The AIM ImmunoTech Inc. (AIMI/AIM) SEC filings page on Stock Titan provides access to the company’s regulatory disclosures as a smaller reporting biotechnology issuer focused on immuno-pharma therapeutics. AIM ImmunoTech files annual reports on Form 10-K, quarterly reports on Form 10-Q, current reports on Form 8-K, proxy statements on Schedule 14A and other forms that document its financial condition, governance decisions and material events.

For investors tracking AIM ImmunoTech’s development-stage biotechnology business, the company’s periodic reports are central. The Form 10-K and Form 10-Q filings describe its status as a smaller reporting company, summarize its focus on therapeutics for cancers, immune disorders and viral diseases, and provide financial statements that reflect revenues and net losses consistent with a research-focused enterprise. A Form 12b-25 (Notification of Late Filing) for the quarter ended September 30, 2025 explains delays in completing the required review, outlines the expectation to file within the permitted extension period and describes anticipated changes in revenues, net loss and loss per share compared to prior-year periods.

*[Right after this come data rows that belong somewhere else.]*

lemma finite_field_power_card_minus_1:
  fixes x :: "'a::{field,finite}"
  assumes "x \<noteq> 0"
  shows "x ^ (CARD('a) - 1) = 1"
proof -
  obtain g :: 'a where order: "\<And>n. g ^ n = 1 \<longleftrightarrow> (CARD('a) - 1) dvd n"
    and gen: "\<And>x. x \<noteq> 0 \<Longrightarrow> \<exists>i. x = g ^ i"
    using finite_field_cyclic by blast
  obtain i where "x = g ^ i" using gen assms by blast
  then have "x ^ (CARD('a) - 1) = (g ^ (CARD('a) - 1)) ^ i"
    by (simp flip: power_mult add: mult.commute)
  moreover have "g ^ (CARD('a) - 1) = 1" using order by simp
  ultimately show ?thesis by simp
qed

lemma two_neq_zero_if_odd_card:
  assumes "odd CARD('a::{field,finite})"
  shows "(2::'a) \<noteq> 0"
proof
  assume "(2::'a) = 0"
  then have "of_nat 2 = (0::'a)" by simp
  then have "CHAR('a) dvd 2" by (simp only: of_nat_eq_0_iff_char_dvd)
  moreover have "CHAR('a) \<noteq> Suc 0" by simp
  moreover have "CHAR('a) \<noteq> 0" using finite_imp_CHAR_pos[where 'a='a] by simp
  ultimately have "CHAR('a) = 2"
    by (metis dvd_imp_le le_antisym less_2_cases not_le zero_less_numeral)
  then show False using CHAR_dvd_CARD[where 'a='a] assms by simp
qed

lemma exists_nonsquare:
  assumes "(2::'a::{field,finite}) \<noteq> 0"
  shows "\<exists>d::'a. \<forall>b. d \<noteq> b ^ 2"
proof (rule ccontr)
  assume "\<not> ?thesis"
  then have "surj (\<lambda>b::'a. b ^ 2)" by (metis surjI)
  then have "inj (\<lambda>b::'a. b ^ 2)" by (simp add: finite_UNIV_surj_inj)
  moreover have "(1::'a) ^ 2 = (- 1) ^ 2" by simp
  ultimately have "(1::'a) = - 1" by (meson injD)
  then show False using assms by (metis one_add_one add.right_inverse)
qed

lemma nonsquare_eq_mult_square:
  fixes c d :: "'a::{field,finite}"
  assumes c: "\<forall>b. c \<noteq> b ^ 2" and d: "\<forall>b. d \<noteq> b ^ 2"
  shows "\<exists>t. c = d * t ^ 2"
proof -
  obtain g :: 'a where gen: "\<And>x. x \<noteq> 0 \<Longrightarrow> \<exists>i. x = g ^ i"
    using finite_field_cyclic by blast
  have "\<exists>i. x = g ^ (2 * i + 1)" if nonsquare: "\<forall>b. x \<noteq> b ^ 2" for x
  proof -
    have "x \<noteq> 0" using nonsquare[rule_format, of 0] by simp
    then obtain i where i: "x = g ^ i" using gen by blast
    have "odd i"
    proof
      assume "even i"
      then obtain t where "i = 2 * t" by blast
      then have "x = (g ^ t) ^ 2" using i by (simp add: power_mult mult.commute)
      then show False using nonsquare by blast
    qed
    then obtain t where "i = 2 * t + 1" by (rule oddE)
    then show ?thesis using i by blast
  qed
  then obtain i j where ij: "c = g ^ (2 * i + 1)" "d = g ^ (2 * j + 1)" using c d by blast
  have "(2 * i + 1) + (2 * j + 1) = (i + j + 1) * 2" by simp
  then have "c * d = (g ^ (i + j + 1)) ^ 2"
    by (simp only: ij power_mult flip: power_add)
  then obtain s where cd: "c * d = s ^ 2" by blast
  have "d \<noteq> 0" using d[rule_format, of 0] by simp
  then have "d * (s / d) ^ 2 = s ^ 2 / d"
    by (simp add: power2_eq_square)
  also have "\<dots> = c"
    unfolding cd [symmetric] using \<open>d \<noteq> 0\<close> by simp
  finally have "c = d * (s / d) ^ 2" ..
  then show ?thesis ..
qed

text \<open>Junk when no nonsquare exists (e.g.\ in characteristic 2); every lemma using it assumes one does.\<close>
definition some_nonsquare :: "'a::comm_ring_1" where
  "some_nonsquare = (SOME d. \<forall>b. d \<noteq> b ^ 2)"

lemma some_nonsquare_not_square:
  assumes "(2::'a::{field,finite}) \<noteq> 0"
  shows "\<forall>b. (some_nonsquare::'a) \<noteq> b ^ 2"
  unfolding some_nonsquare_def by (rule someI_ex[OF exists_nonsquare[OF assms]])

text \<open>\<open>Ext x y\<close> stands for x + y sqrt d with d = \<open>some_nonsquare\<close>; over a finite field F_q of
  odd order this is F_(q^2).\<close>
datatype 'a qext = Ext (re: 'a) (im: 'a)

instantiation qext :: (comm_ring_1) comm_ring_1
begin
definition "0 = Ext 0 0"
definition "1 = Ext 1 0"
definition "z + w = Ext (re z + re w) (im z + im w)"
definition "z - w = Ext (re z - re w) (im z - im w)"
definition "- z = Ext (- re z) (- im z)"
definition "z * w = Ext (re z * re w + some_nonsquare * im z * im w) (re z * im w + im z * re w)"
instance
  by standard (auto simp: zero_qext_def one_qext_def plus_qext_def minus_qext_def
      uminus_qext_def times_qext_def algebra_simps intro: qext.expand)
end

lemma qext_eq_iff: "z = w \<longleftrightarrow> re z = re w \<and> im z = im w"
  by (auto intro: qext.expand)

lemma re_im_qext_simps [simp]:
  "re 0 = 0" "im 0 = 0" "re 1 = 1" "im 1 = 0"
  "re (z + w) = re z + re w" "im (z + w) = im z + im w"
  "re (z - w) = re z - re w" "im (z - w) = im z - im w"
  "re (- z) = - re z" "im (- z) = - im z"
  "re (z * w) = re z * re w + some_nonsquare * im z * im w"
  "im (z * w) = re z * im w + im z * re w"
  by (simp_all add: zero_qext_def one_qext_def plus_qext_def minus_qext_def
      uminus_qext_def times_qext_def)

lemma re_im_two [simp]: "re 2 = 2" "im 2 = 0"
  by (metis one_add_one re_im_qext_simps(3,5), metis add_0 one_add_one re_im_qext_simps(4,6))

lemma UNIV_qext: "(UNIV :: 'a qext set) = (\<lambda>(x, y). Ext x y) ` UNIV"
  by (auto intro: qext.expand) (metis qext.collapse rangeI case_prod_conv)

instance qext :: (finite) finite
  by standard (simp add: UNIV_qext)

lemma card_qext: "CARD('a::finite qext) = CARD('a) * CARD('a)"
proof -
  have "inj (\<lambda>(x::'a, y). Ext x y)" by (auto simp: inj_def)
  then show ?thesis
    by (simp add: UNIV_qext card_image card_cartesian_product flip: UNIV_Times_UNIV)
qed

lemma dickson_Ext:
  fixes a :: "'a::comm_ring_1"
  shows "dickson k (Ext a 0) = Ext (dickson k a) 0"
proof (induction k rule: induct_nat_012)
  case 0 then show ?case by (simp add: qext_eq_iff)
next
  case 1 then show ?case by simp
next
  case (ge2 k) then show ?case by (simp add: qext_eq_iff)
qed

definition qconj :: "'a::comm_ring_1 qext \<Rightarrow> 'a qext" where
  "qconj z = Ext (re z) (- im z)"

definition nrm :: "'a::comm_ring_1 qext \<Rightarrow> 'a" where
  "nrm z = re z ^ 2 - some_nonsquare * im z ^ 2"

lemma mult_qconj: "z * qconj z = Ext (nrm z) 0"
  by (simp add: qext_eq_iff qconj_def nrm_def power2_eq_square algebra_simps)

lemma add_qconj: "z + qconj z = Ext (2 * re z) 0"
  by (simp add: qext_eq_iff qconj_def)

lemma nrm_mult: "nrm (z * w) = nrm z * nrm w"
  by (simp add: nrm_def power2_eq_square algebra_simps)

lemma nrm_power: "nrm (z ^ n) = nrm z ^ n"
  by (induction n) (simp_all add: nrm_mult, simp add: nrm_def)

lemma nrm_eq_0_iff:
  fixes z :: "'a::field qext"
  assumes ns: "\<forall>b::'a. some_nonsquare \<noteq> b ^ 2"
  shows "nrm z = 0 \<longleftrightarrow> z = 0"
proof
  assume nrm: "nrm z = 0"
  have "im z = 0"
  proof (rule ccontr)
    assume "im z \<noteq> 0"
    then have "some_nonsquare = (re z / im z) ^ 2"
      using nrm by (simp add: nrm_def power_divide)
    then show False using ns by blast
  qed
  then show "z = 0" using nrm by (simp add: nrm_def qext_eq_iff)
qed (simp add: nrm_def)

lemma qext_right_inverse:
  fixes z :: "'a::field qext"
  assumes "\<forall>b::'a. some_nonsquare \<noteq> b ^ 2" and "z \<noteq> 0"
  shows "z * (qconj z * Ext (inverse (nrm z)) 0) = 1"
  using assms by (simp add: mult.assoc [symmetric] mult_qconj qext_eq_iff nrm_eq_0_iff)

lemma qext_no_zero_divisors:
  fixes z w :: "'a::field qext"
  assumes "\<forall>b::'a. some_nonsquare \<noteq> b ^ 2" and "z * w = 0"
  shows "z = 0 \<or> w = 0"
proof -
  have "nrm z * nrm w = 0" using assms(2) nrm_mult[of z w] by (simp add: nrm_def)
  then show ?thesis using nrm_eq_0_iff[OF assms(1)] by auto
qed

lemma re_eq_if_nrm_eq_1:
  fixes z :: "'a::field qext"
  assumes ns: "\<forall>b::'a. some_nonsquare \<noteq> b ^ 2" and nrm: "nrm z = 1" and "re z \<noteq> -1"
  defines "t \<equiv> some_nonsquare * (im z / (re z + 1)) ^ 2"
  shows "re z = (1 + t) / (1 - t)"
proof -
  define s where "s = im z / (re z + 1)"
  have "re z + 1 \<noteq> 0" using assms(3) by (simp add: add_eq_0_iff2)
  then have im: "im z = s * (re z + 1)" by (simp add: s_def)
  have "(re z - 1) * (re z + 1) = re z ^ 2 - 1" by (simp add: power2_eq_square algebra_simps)
  also have "\<dots> = some_nonsquare * im z ^ 2" using nrm by (simp add: nrm_def algebra_simps)
  also have "\<dots> = t * (re z + 1) * (re z + 1)" by (simp add: t_def im power2_eq_square flip: s_def)
  finally have "re z - 1 = t * (re z + 1)" using \<open>re z + 1 \<noteq> 0\<close> by simp
  moreover have "1 - t \<noteq> 0"
  proof
    assume "1 - t = 0"
    then have sq: "some_nonsquare * im z ^ 2 = (re z + 1) ^ 2"
      using \<open>re z + 1 \<noteq> 0\<close> by (simp add: t_def power_divide field_simps)
    then have "im z \<noteq> 0" using \<open>re z + 1 \<noteq> 0\<close> by auto
    then have "some_nonsquare = ((re z + 1) / im z) ^ 2"
      using sq by (simp add: power_divide field_simps)
    then show False using ns by blast
  qed
  ultimately show ?thesis by (simp add: field_simps)
qed

text \<open>Stereographic projection from -1 maps the norm-one conic injectively into F_q plus one point.\<close>
lemma card_nrm_eq_1_le:
  assumes ns: "\<forall>b::'a::{field,finite}. some_nonsquare \<noteq> b ^ 2"
  shows "card {z::'a qext. nrm z = 1} \<le> CARD('a) + 1"
proof -
  define f :: "'a qext \<Rightarrow> 'a option"
    where "f z = (if re z = -1 then None else Some (im z / (re z + 1)))" for z
  have "some_nonsquare \<noteq> (0::'a)" using ns by (metis zero_power2)
  then have im_0: "im z = 0" if "nrm z = 1" "re z = -1" for z :: "'a qext"
    using that by (simp add: nrm_def)
  have "inj_on f {z. nrm z = 1}"
  proof (rule inj_onI)
    fix z w :: "'a qext"
    assume z: "z \<in> {z. nrm z = 1}" and w: "w \<in> {z. nrm z = 1}" and "f z = f w"
    show "z = w"
    proof (cases "re z = -1")
      case True
      then have "re w = -1" using \<open>f z = f w\<close> by (auto simp: f_def split: if_splits)
      then show ?thesis using True z w im_0 by (simp add: qext_eq_iff)
    next
      case False
      then have "re w \<noteq> -1" and ratio: "im z / (re z + 1) = im w / (re w + 1)"
        using \<open>f z = f w\<close> by (auto simp: f_def split: if_splits)
      then have "re z = re w"
        using re_eq_if_nrm_eq_1[OF ns] z w False by (metis mem_Collect_eq)
      moreover have "re z + 1 \<noteq> 0" using False by (simp add: add_eq_0_iff2)
      ultimately have "im z = im w" using ratio by (simp add: divide_cancel_right)
      with \<open>re z = re w\<close> show ?thesis by (simp add: qext_eq_iff)
    qed
  qed
  then have "card {z::'a qext. nrm z = 1} \<le> card (UNIV :: 'a option set)"
    by (rule card_inj_on_le) auto
  then show ?thesis by simp
qed

lemma exists_nrm_eq_1_order_card_Suc:
  assumes "(2::'a::{field,finite}) \<noteq> 0"
  shows "\<exists>u::'a qext. nrm u = 1 \<and> (\<forall>n. u ^ n = 1 \<longleftrightarrow> (CARD('a) + 1) dvd n)"
proof -
  define q where "q = CARD('a)"
  have ns: "\<forall>b::'a. some_nonsquare \<noteq> b ^ 2" by (rule some_nonsquare_not_square[OF assms])
  have "\<exists>w. z * w = 1" if "z \<noteq> 0" for z :: "'a qext"
    using qext_right_inverse[OF ns that] by blast
  then obtain G :: "'a qext" where order: "\<And>n. G ^ n = 1 \<longleftrightarrow> (q * q - 1) dvd n"
    using finite_units_cyclic[where 'a="'a qext"] by (auto simp: card_qext q_def)
  have "card {0::'a, 1} \<le> q" unfolding q_def by (rule card_mono) auto
  then have "q \<ge> 2" by simp
  then have q_sq: "q * q - 1 = (q - 1) * (q + 1)"
    by (cases q) simp_all
  have "2 * 2 \<le> q * q" using mult_le_mono[OF \<open>q \<ge> 2\<close> \<open>q \<ge> 2\<close>] .
  then have "q * q - 1 > 0" by simp
  then have "G \<noteq> 0" using order[of "q * q - 1"] by (auto simp: power_0_left)
  then have "nrm G ^ (q - 1) = 1"
    unfolding q_def by (intro finite_field_power_card_minus_1) (simp add: nrm_eq_0_iff[OF ns])
  then have "nrm (G ^ (q - 1)) = 1" by (simp add: nrm_power)
  moreover have "(G ^ (q - 1)) ^ n = 1 \<longleftrightarrow> (q + 1) dvd n" for n
  proof -
    have "(G ^ (q - 1)) ^ n = 1 \<longleftrightarrow> (q - 1) * (q + 1) dvd (q - 1) * n"
      using order[of "(q - 1) * n"] by (simp only: q_sq power_mult)
    also have "\<dots> \<longleftrightarrow> (q + 1) dvd n" using \<open>q \<ge> 2\<close> by (simp only: nat_mult_dvd_cancel_disj) simp
    finally show ?thesis .
  qed
  ultimately show ?thesis unfolding q_def by blast
qed

lemma power_card_Suc_if_nrm_eq_1:
  fixes z :: "'a::{field,finite} qext"
  assumes "(2::'a) \<noteq> 0" and "nrm z = 1"
  shows "z ^ (CARD('a) + 1) = 1"
proof -
  obtain u :: "'a qext" where "nrm u = 1" and order: "\<And>n. u ^ n = 1 \<longleftrightarrow> (CARD('a) + 1) dvd n"
    using exists_nrm_eq_1_order_card_Suc[OF assms(1)] by blast
  then have "u * qconj u = 1" by (simp add: mult_qconj qext_eq_iff)
  have "inj_on (\<lambda>i. u ^ i) {..<CARD('a) + 1}"
  proof (rule inj_onI)
    fix i j assume "i \<in> {..<CARD('a) + 1}" "j \<in> {..<CARD('a) + 1}" "u ^ i = u ^ j"
    then show "i = j"
      using power_eq_power_iff_cong[OF \<open>u * qconj u = 1\<close> order]
      by (auto intro: cong_less_modulus_unique_nat)
  qed
  then have "card ((\<lambda>i. u ^ i) ` {..<CARD('a) + 1}) = CARD('a) + 1"
    by (simp add: card_image)
  moreover have subset: "(\<lambda>i. u ^ i) ` {..<CARD('a) + 1} \<subseteq> {z. nrm z = 1}"
    using \<open>nrm u = 1\<close> by (auto simp: nrm_power)
  ultimately have "(\<lambda>i. u ^ i) ` {..<CARD('a) + 1} = {z. nrm z = 1}"
    using card_seteq[OF _ subset] card_nrm_eq_1_le[OF some_nonsquare_not_square[OF assms(1)]]
    by simp
  then obtain i where "z = u ^ i" using assms(2) by auto
  then have "z ^ (CARD('a) + 1) = (u ^ (CARD('a) + 1)) ^ i" by (metis power_mult mult.commute)
  then show ?thesis using order[of "CARD('a) + 1"] by simp
qed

AIM ImmunoTech also uses Form 8-K to report material events. Examples include furnishing a corporate presentation under Regulation FD, disclosing NYSE American notices of noncompliance with minimum stockholders’ equity requirements and the acceptance of a plan to regain compliance, and filing its Certificate of Incorporation as amended and restated as an exhibit. These current reports help investors understand exchange listing issues, governance documents and other significant developments beyond routine financial reporting.

Proxy statements on Schedule 14A, such as the definitive proxy for the 2025 Annual Meeting of Stockholders, provide detail on board elections, advisory votes on executive compensation, auditor ratification and the company’s use of scaled disclosure obligations as a smaller reporting company. Voting results for proposals, reported via Form 8-K, show how stockholders have voted on directors, compensation matters and the frequency of advisory votes.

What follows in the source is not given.